definition simple_graph :: "'a set \<Rightarrow> ('a \<Rightarrow> 'a \<Rightarrow> bool) \<Rightarrow> bool" where
  "simple_graph V Adj \<longleftrightarrow> finite V \<and> (\<forall>u v. Adj u v \<longrightarrow> u \<in> V \<and> v \<in> V \<and> Adj v u \<and> u \<noteq> v)"

definition lk :: "'a set \<Rightarrow> ('a \<Rightarrow> 'a \<Rightarrow> bool) \<Rightarrow> 'a \<Rightarrow> 'a set" where
  "lk V Adj v = {w \<in> V. Adj v w}"

definition st :: "'a set \<Rightarrow> ('a \<Rightarrow> 'a \<Rightarrow> bool) \<Rightarrow> 'a \<Rightarrow> 'a set" where
  "st V Adj v = insert v (lk V Adj v)"

text \<open>Domination of vertices: v \<ge> w iff lk(w) \<subseteq> st(v).\<close>
definition dominates :: "'a set \<Rightarrow> ('a \<Rightarrow> 'a \<Rightarrow> bool) \<Rightarrow> 'a \<Rightarrow> 'a \<Rightarrow> bool" where
  "dominates V Adj v w \<longleftrightarrow> lk V Adj w \<subseteq> st V Adj v"

text \<open>A letter is a pair (v, s): (v, True) is the generator v, (v, False) is v^-1.\<close>
type_synonym 'a letter = "'a \<times> bool"
type_synonym 'a word = "'a letter list"

definition letters :: "'a set \<Rightarrow> 'a letter set" where
  "letters V = V \<times> UNIV"

definition bar :: "'a letter \<Rightarrow> 'a" where
  "bar u = fst u"

definition linv :: "'a letter \<Rightarrow> 'a letter" where
  "linv u = (fst u, \<not> snd u)"

definition winv :: "'a word \<Rightarrow> 'a word" where
  "winv w = rev (map linv w)"

definition ldom :: "'a set \<Rightarrow> ('a \<Rightarrow> 'a \<Rightarrow> bool) \<Rightarrow> 'a letter \<Rightarrow> 'a letter \<Rightarrow> bool" where
  "ldom V Adj u v \<longleftrightarrow> dominates V Adj (bar u) (bar v)"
-*-
**Work item**
Every line of the listing that holds "letters" should be found and copied.

**Response area**
definition letters :: "'a set \<Rightarrow> 'a letter set" where
  "letters V = V \<times> UNIV"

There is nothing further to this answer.